**What to do**
Throughout the listing that follows, find each line with the word "would" and copy it.

**Provided entries**
lemma vertex_cases:
  assumes "v \<in> V"
  obtains "v \<in> A" | "v \<in> F" | "v \<in> X" | "v \<in> Y"
  | i where "i \<in> {1..t}" "v \<in> B i" | i where "i \<in> {1..t}" "v \<in> C i"
  using assms V_eq by blast

lemma part_exclusive:
  "v \<in> A \<Longrightarrow> v \<notin> F \<and> v \<notin> X \<and> v \<notin> Y"
  "v \<in> F \<Longrightarrow> v \<notin> X \<and> v \<notin> Y"
  "v \<in> X \<Longrightarrow> v \<notin> Y"
  "i \<in> {1..t} \<Longrightarrow> v \<in> B i \<Longrightarrow> v \<notin> A \<and> v \<notin> F \<and> v \<notin> X \<and> v \<notin> Y"
  "i \<in> {1..t} \<Longrightarrow> v \<in> C i \<Longrightarrow> v \<notin> A \<and> v \<notin> F \<and> v \<notin> X \<and> v \<notin> Y"
  "i \<in> {1..t} \<Longrightarrow> k \<in> {1..t} \<Longrightarrow> v \<in> B i \<Longrightarrow> v \<notin> C k"
  "i \<in> {1..t} \<Longrightarrow> k \<in> {1..t} \<Longrightarrow> v \<in> B i \<Longrightarrow> v \<in> B k \<Longrightarrow> i = k"
  "i \<in> {1..t} \<Longrightarrow> k \<in> {1..t} \<Longrightarrow> v \<in> C i \<Longrightarrow> v \<in> C k \<Longrightarrow> i = k"
proof -
  define Ps where "Ps = [A, F, X, Y] @ map B [1..<t+1] @ map C [1..<t+1]"
  have nth_parts: "Ps ! 0 = A" "Ps ! 1 = F" "Ps ! 2 = X" "Ps ! 3 = Y"
    "i \<in> {1..t} \<Longrightarrow> Ps ! (3 + i) = B i" "i \<in> {1..t} \<Longrightarrow> Ps ! (3 + t + i) = C i" for i
    unfolding Ps_def by (auto simp: nth_append simp del: upt_Suc)
  have "Ps ! m \<inter> Ps ! n = {}" if "m < 4 + 2 * t" "n < 4 + 2 * t" "m \<noteq> n" for m n
    using partition that unfolding is_partition_def Ps_def by auto
  then have disjoint: "v \<notin> Ps ! n" if "v \<in> Ps ! m" "m < 4 + 2 * t" "n < 4 + 2 * t" "m \<noteq> n" for v m n
    using that by blast
  show "v \<in> A \<Longrightarrow> v \<notin> F \<and> v \<notin> X \<and> v \<notin> Y" "v \<in> F \<Longrightarrow> v \<notin> X \<and> v \<notin> Y"
    "v \<in> X \<Longrightarrow> v \<notin> Y"
    using nth_parts(1-4) disjoint[of v 0 1] disjoint[of v 0 2] disjoint[of v 0 3] disjoint[of v 1 2]
      disjoint[of v 1 3] disjoint[of v 2 3] by simp_all
  show "i \<in> {1..t} \<Longrightarrow> v \<in> B i \<Longrightarrow> v \<notin> A \<and> v \<notin> F \<and> v \<notin> X \<and> v \<notin> Y"
    using nth_parts disjoint[of v "3 + i" 0] disjoint[of v "3 + i" 1] disjoint[of v "3 + i" 2]
      disjoint[of v "3 + i" 3] by auto
  show "i \<in> {1..t} \<Longrightarrow> v \<in> C i \<Longrightarrow> v \<notin> A \<and> v \<notin> F \<and> v \<notin> X \<and> v \<notin> Y"
    using nth_parts disjoint[of v "3 + t + i" 0] disjoint[of v "3 + t + i" 1] disjoint[of v "3 + t + i" 2]
      disjoint[of v "3 + t + i" 3] by auto
  show "i \<in> {1..t} \<Longrightarrow> k \<in> {1..t} \<Longrightarrow> v \<in> B i \<Longrightarrow> v \<notin> C k"
    using disjoint[of v "3 + i" "3 + t + k"] by (auto simp: nth_parts)
  show "i \<in> {1..t} \<Longrightarrow> k \<in> {1..t} \<Longrightarrow> v \<in> B i \<Longrightarrow> v \<in> B k \<Longrightarrow> i = k"
    using disjoint[of v "3 + i" "3 + k"] by (cases "i = k") (auto simp: nth_parts)
  show "i \<in> {1..t} \<Longrightarrow> k \<in> {1..t} \<Longrightarrow> v \<in> C i \<Longrightarrow> v \<in> C k \<Longrightarrow> i = k"
    using disjoint[of v "3 + t + i" "3 + t + k"] by (cases "i = k") (auto simp: nth_parts)
qed

lemma villa_parts:
  "A \<noteq> {}" "clique E A"
  "i \<in> {1..t} \<Longrightarrow> B i \<noteq> {}" "i \<in> {1..t} \<Longrightarrow> C i \<noteq> {}"
  "i \<in> {1..t} \<Longrightarrow> clique E (B i)" "i \<in> {1..t} \<Longrightarrow> clique E (C i)"
  "complete_to E A (\<Union>i\<in>{1..t}. B i)" "anticomplete_to E A (\<Union>i\<in>{1..t}. C i)"
  "i \<in> {1..t} \<Longrightarrow> k \<in> {1..t} \<Longrightarrow> i \<noteq> k \<Longrightarrow> anticomplete_to E (B i) (B k)"
  "i \<in> {1..t} \<Longrightarrow> k \<in> {1..t} \<Longrightarrow> i \<noteq> k \<Longrightarrow> complete_to E (C i) (C k)"
  "i \<in> {1..t} \<Longrightarrow> k \<in> {1..t} \<Longrightarrow> i \<noteq> k \<Longrightarrow> anticomplete_to E (B i) (C k)"
  using villa unfolding villa_partition_def by blast+

lemma villa_order:
  assumes "i \<in> {1..t}"
  obtains bs where "set bs = B i" "nbhd E (hd bs) \<inter> C i = C i" "nbhd E (last bs) \<inter> C i \<noteq> {}"
    "\<forall>k. Suc k < length bs \<longrightarrow> nbhd E (bs ! Suc k) \<inter> C i \<subseteq> nbhd E (bs ! k) \<inter> C i"
proof -
  have "\<forall>i\<in>{1..t}. \<exists>bs. distinct bs \<and> set bs = B i \<and>
      nbhd E (hd bs) \<inter> C i = C i \<and> nbhd E (last bs) \<inter> C i \<noteq> {} \<and>
      (\<forall>k. Suc k < length bs \<longrightarrow> nbhd E (bs ! Suc k) \<inter> C i \<subseteq> nbhd E (bs ! k) \<inter> C i)"
    using villa unfolding villa_partition_def by (elim conjE)
  then show thesis using that assms by blast
qed

lemma B_C_nested:
  assumes "i \<in> {1..t}" and "b \<in> B i" and "b' \<in> B i"
  shows "nbhd E b \<inter> C i \<subseteq> nbhd E b' \<inter> C i \<or> nbhd E b' \<inter> C i \<subseteq> nbhd E b \<inter> C i"
proof -
  obtain bs where "set bs = B i"
    "\<forall>k. Suc k < length bs \<longrightarrow> nbhd E (bs ! Suc k) \<inter> C i \<subseteq> nbhd E (bs ! k) \<inter> C i"
    using villa_order[OF assms(1)] by metis
  then show ?thesis
    using nested_set_if_nested_Suc[where N = "\<lambda>b. nbhd E b \<inter> C i"] assms(2,3) by blast
qed

lemma B_dominating:
  assumes "i \<in> {1..t}"
  obtains b where "b \<in> B i" "C i \<subseteq> nbhd E b"
proof -
  obtain bs where "set bs = B i" "C i \<subseteq> nbhd E (hd bs)"
    using villa_order[OF assms] by (metis inf.absorb_iff2)
  moreover have "bs \<noteq> []" using \<open>set bs = B i\<close> villa_parts(3)[OF assms] by auto
  ultimately show thesis using that hd_in_set by blast
qed

lemma B_has_C_neighbour:
  assumes "i \<in> {1..t}" and "b \<in> B i"
  obtains c where "c \<in> C i" "E b c"
proof -
  obtain bs where "set bs = B i" "nbhd E (last bs) \<inter> C i \<noteq> {}"
    "\<forall>k. Suc k < length bs \<longrightarrow> nbhd E (bs ! Suc k) \<inter> C i \<subseteq> nbhd E (bs ! k) \<inter> C i"
    using villa_order[OF assms(1)] by metis
  then have "nbhd E b \<inter> C i \<noteq> {}"
    using nested_last_if_nested_Suc[where N = "\<lambda>b. nbhd E b \<inter> C i"] assms(2) by blast
  then show thesis using that unfolding nbhd_def by blast
qed

definition threshold :: "nat \<Rightarrow> 'a \<Rightarrow> nat" where
  "threshold i c = Min ((\<lambda>b. card (nbhd E b \<inter> C i)) ` {b \<in> B i. c \<in> nbhd E b \<inter> C i})"
(* Let $p$ be a prime with $p\equiv 1$ or $6\pmod 7$ and $p\ne 13$. Define $\phi_2,\phi_3\in\overline{\mathbb{F}}_p[t]$ by: if $p\equiv6\pmod7$, $\phi_2=f\big(\tfrac{2p-5}{7},\tfrac{2p-5}{7},\tfrac{p-6}{7}\big)$ and $\phi_3=f\big(\tfrac{3p-4}{7},\tfrac{3p-4}{7},\tfrac{5p-2}{7}\big)$; if $p\equiv1\pmod7$, $\phi_2=f\big(\tfrac{2p-2}{7},\tfrac{2p-2}{7},\tfrac{p-1}{7}\big)$ and $\phi_3=f\big(\tfrac{3p-3}{7},\tfrac{3p-3}{7},\tfrac{5p-5}{7}\big)$. Then there exists $\alpha\in\overline{\mathbb{F}}_p\setminus\{0,1\}$ with $\phi_2(\alpha)=0$ and $\phi_3(\alpha)\ne0$, and there exists $\alpha'\in\overline{\mathbb{F}}_p\setminus\{0,1\}$ with $\phi_2(\alpha')\ne0$ and $\phi_3(\alpha')=0$.
   Context: For non-negative integers $a,b,c$, $f(a,b,c)\in\overline{\mathbb{F}}_p[t]$ is $f(a,b,c)=\sum_{i_2+i_3=c}\binom{a}{i_2}\binom{b}{i_3}t^{i_2}$ (binomial coefficients reduced mod $p$, $\binom{n}{i}=0$ for $i<0$ or $i>n$). (These $\phi_2,\phi_3$ are the Hasse–Witt entries of the family of curves $y^7=x^3(x-t)(x-1)^2\cdots$ with monodromy $(7,4,(3,1,1,2))$ at the characters $\zeta_7^2,\zeta_7^3$, but the claim concerns only the explicit polynomials.) *)

theory Defs
  imports "HOL-Computational_Algebra.Polynomial"
begin

definition f_poly :: "nat \<Rightarrow> nat \<Rightarrow> nat \<Rightarrow> 'k::field poly" where
  "f_poly a b c = (\<Sum>i2 = 0..c. monom (of_nat (a choose i2) * of_nat (b choose (c - i2))) i2)"

definition phi2 :: "nat \<Rightarrow> 'k::field poly" where
  "phi2 p = (if p mod 7 = 6
     then f_poly ((2*p - 5) div 7) ((2*p - 5) div 7) ((p - 6) div 7)
     else f_poly ((2*p - 2) div 7) ((2*p - 2) div 7) ((p - 1) div 7))"

definition phi3 :: "nat \<Rightarrow> 'k::field poly" where
  "phi3 p = (if p mod 7 = 6
     then f_poly ((3*p - 4) div 7) ((3*p - 4) div 7) ((5*p - 2) div 7)
     else f_poly ((3*p - 3) div 7) ((3*p - 3) div 7) ((5*p - 5) div 7))"

end

theory Submission
  imports Defs "HOL-Computational_Algebra.Primes"
begin

text \<open>
  With \<open>F\<^sub>a = f(a,a,k)\<close>, the polynomials \<open>\<phi>\<^sub>2\<close> and \<open>\<phi>\<^sub>3\<close> are \<open>F\<^sub>a\<close> and \<open>t\<^sup>b\<^sup>-\<^sup>k F\<^sub>b\<close>
  (by the symmetry of binomial coefficients) for some \<open>2 \<le> k \<le> a < b\<close> with \<open>2b < p\<close>.
  Up to a constant, \<open>F\<^sub>a\<close> is the hypergeometric polynomial \<open>\<^sub>2F\<^sub>1(-a,-k;a+1-k;t)\<close>, so it
  satisfies Gauss's second order differential equation, which is regular away from \<open>0\<close> and \<open>1\<close>.
  Since \<open>F\<^sub>a(0), F\<^sub>a(1) \<noteq> 0\<close> and all multiplicities are below \<open>p\<close>, a double root would
  contradict the equation; hence \<open>F\<^sub>a\<close> is squarefree. If every root of \<open>F\<^sub>a\<close> were a root
  of \<open>F\<^sub>b\<close>, then \<open>F\<^sub>a\<close> would divide \<open>F\<^sub>b\<close>, and as both have degree \<open>k\<close> they would be
  proportional, which their two lowest coefficients rule out. The argument is symmetric in \<open>a\<close>
  and \<open>b\<close>.
\<close>

lemma of_nat_neq_0_below_CHAR:
  assumes "0 < n" "n < CHAR('k::semiring_1)"
  shows "of_nat n \<noteq> (0::'k)"
  using assms by (auto simp: of_nat_eq_0_iff_char_dvd dest: dvd_imp_le)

**Expected answer**
  Since \<open>F\<^sub>a(0), F\<^sub>a(1) \<noteq> 0\<close> and all multiplicities are below \<open>p\<close>, a double root would
  of \<open>F\<^sub>b\<close>, then \<open>F\<^sub>a\<close> would divide \<open>F\<^sub>b\<close>, and as both have degree \<open>k\<close> they would be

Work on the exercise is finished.